I’ve spent the past couple of years writing, editing (and editing some more) a book about front-end development (which you can purchase here or here), which is finally making it’s slow and ponderous way into the light. That use of words suggests that it’s a vast and weighty tome of a book – and it certainly was when I first submitted it – but after all that editing, it’s finally down to a fighting weight, and I think it’s a better book for that. One thing I was keen to point out is the triangle of technologies we, as front-end developers, need to be conversant. In much the same way that fire isn’t possible without fuel, heat and oxygen, front-end development is impossible without a more than cursory knowledge of HTML, CSS and JavaScript (JS). 


In the dim and distant past, when attending the introductory lecture for a conversion Computer Science MSc, I didn’t understand why the rest of the students sniggered when someone answered HTML when asked if we had any experience of programming. Once the chuckling had subsided sufficiently, the lecturer was keen to point out that while HTML was not a programming language, with its lack of all those things recognisable as being associated with programming languages such as variables and functions it couldn’t be; it was still a language – be it a markup language. As such, it involves a certain level of abstraction. 

The writer of HTML needs to have an appreciation of the milieu in which it will reside: the browser. Browsers themselves are unusual beasts with all sorts of wild and weird characteristics. The same browser might act differently on different architectures, or in identical hardware but with varying levels of user privileges, or with plugins installed.
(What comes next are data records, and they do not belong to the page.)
(* (1) Let $\mu>0$, $\rho>0$, and let $(x^*,s^* )\in\mathbb{R}^n\times\mathbb{R}^m$ be a local solution of the minimax problem $\min_{x\in\mathbb{R}^n}\max_{s\in\mathbb{R}^m}F(x,s;\mu,\rho)$, in the sense that $x^*$ is a local minimizer of $F(\cdot,s^*;\mu,\rho)$ and $s^*$ is a local maximizer of $F(x^*,\cdot;\mu,\rho)$. Then $$\nabla f(x^* )-\nabla c(x^* )s^*=0,\qquad c(x^* )-z^*=0,$$ where $z^*=z(x^*,s^*;\mu,\rho)$. (2) Let $\rho>0$ and suppose $(x^*,s^* )$ satisfies $\nabla f(x^* )-\nabla c(x^* )s^*=0$ and $c(x^* )-z^*=0$ with $z^*=z(x^*,s^*;0,\rho)$, i.e. $z_i^*=\frac{1}{2\rho}\big(|s_i^*-\rho c_i(x^* )|-(s_i^*-\rho c_i(x^* ))\big)$. Then $(x^*,s^* )$ is a KKT pair of problem (P): $\min f(x)$ s.t. $c(x)\ge0$, i.e. $\nabla f(x^* )-\nabla c(x^* )s^*=0$, $c(x^* )\ge 0$, $s^*\ge 0$, $c_i(x^* )s_i^*=0$ for all $i$.
   Context: Let $f:\mathbb{R}^n\to\mathbb{R}$ and $c=(c_1,\dots,c_m):\mathbb{R}^n\to\mathbb{R}^m$ be twice continuously differentiable; $\nabla c(x)\in\mathbb{R}^{n\times m}$ denotes the matrix whose $i$-th column is $\nabla c_i(x)$. For parameters $\mu\ge0$, $\rho>0$ and variables $x\in\mathbb{R}^n$, $s\in\mathbb{R}^m$, define for $i=1,\dots,m$: $z_i(x,s;\mu,\rho)=\frac{1}{2\rho}\big(\sqrt{(s_i-\rho c_i(x))^2+4\rho\mu}-(s_i-\rho c_i(x))\big)$, $y_i(x,s;\mu,\rho)=\frac{1}{2\rho}\big(\sqrt{(s_i-\rho c_i(x))^2+4\rho\mu}+(s_i-\rho c_i(x))\big)$, and, for $\mu>0$, $h_i(x,s;\mu,\rho)=-\mu\ln z_i(x,s;\mu,\rho)+\frac{\rho}{2}y_i(x,s;\mu,\rho)^2-\frac{1}{2\rho}s_i^2$ and the augmented Lagrangian $F(x,s;\mu,\rho)=f(x)+\sum_{i=1}^m h_i(x,s;\mu,\rho)$. *)

theory Defs
  imports "HOL-Analysis.Analysis"
begin

definition zfun :: "('n \<Rightarrow> real^'m) \<Rightarrow> real \<Rightarrow> real \<Rightarrow> 'n \<Rightarrow> real^'m \<Rightarrow> 'm \<Rightarrow> real" where
  "zfun c \<mu> \<rho> x s i =
     (sqrt ((s $ i - \<rho> * (c x $ i))^2 + 4 * \<rho> * \<mu>) - (s $ i - \<rho> * (c x $ i))) / (2 * \<rho>)"

definition yfun :: "('n \<Rightarrow> real^'m) \<Rightarrow> real \<Rightarrow> real \<Rightarrow> 'n \<Rightarrow> real^'m \<Rightarrow> 'm \<Rightarrow> real" where
  "yfun c \<mu> \<rho> x s i =
     (sqrt ((s $ i - \<rho> * (c x $ i))^2 + 4 * \<rho> * \<mu>) + (s $ i - \<rho> * (c x $ i))) / (2 * \<rho>)"

definition hfun :: "('n \<Rightarrow> real^'m) \<Rightarrow> real \<Rightarrow> real \<Rightarrow> 'n \<Rightarrow> real^'m \<Rightarrow> 'm \<Rightarrow> real" where
  "hfun c \<mu> \<rho> x s i =
     - \<mu> * ln (zfun c \<mu> \<rho> x s i) + \<rho> / 2 * (yfun c \<mu> \<rho> x s i)^2 - (s $ i)^2 / (2 * \<rho>)"

definition Ffun :: "('n \<Rightarrow> real) \<Rightarrow> ('n \<Rightarrow> real^'m::finite) \<Rightarrow> real \<Rightarrow> real \<Rightarrow> 'n \<Rightarrow> real^'m \<Rightarrow> real" where
  "Ffun f c \<mu> \<rho> x s = f x + (\<Sum>i\<in>UNIV. hfun c \<mu> \<rho> x s i)"

definition C2_with_grad :: "(real^'n \<Rightarrow> real) \<Rightarrow> (real^'n \<Rightarrow> real^'n) \<Rightarrow> bool" where
  "C2_with_grad \<phi> g \<longleftrightarrow>
     (\<forall>x. (\<phi> has_derivative (\<lambda>h. g x \<bullet> h)) (at x)) \<and>
     (\<exists>H :: real^'n \<Rightarrow> real^'n^'n. (\<forall>x. (g has_derivative (\<lambda>h. H x *v h)) (at x)) \<and> continuous_on UNIV H)"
The unfortunate HTML author might even have to deal with superseded versions of browsers (Yes, IE11, I’m looking at you! I spend a significant amount of time massaging ES6 into ES6 for IE11, most often by hand but sometimes with Babel – but even Babel has its limits).

Along with the vagaries of the browser, an appreciation of what the browser will do with HTML is necessary. It isn’t merely rendered line by line to the user interface; instead, it is converted to Document Object Model (DOM). I like to think of the DOM as something like a tree with a trunk quickly splitting into two – one being something of a stub and the other adorned with a whole plethora of branches, sub-branches and twigs. This second branch is when the HTML writer gets to play, and the palette of elements they get to play with grows larger all the time! I guess my analogy might get strained though, my knowledge of Dendrology is limited, but suffice it to say that there are many HTML elements, some of which have fallen from favour, while still others have found favour and been embraced.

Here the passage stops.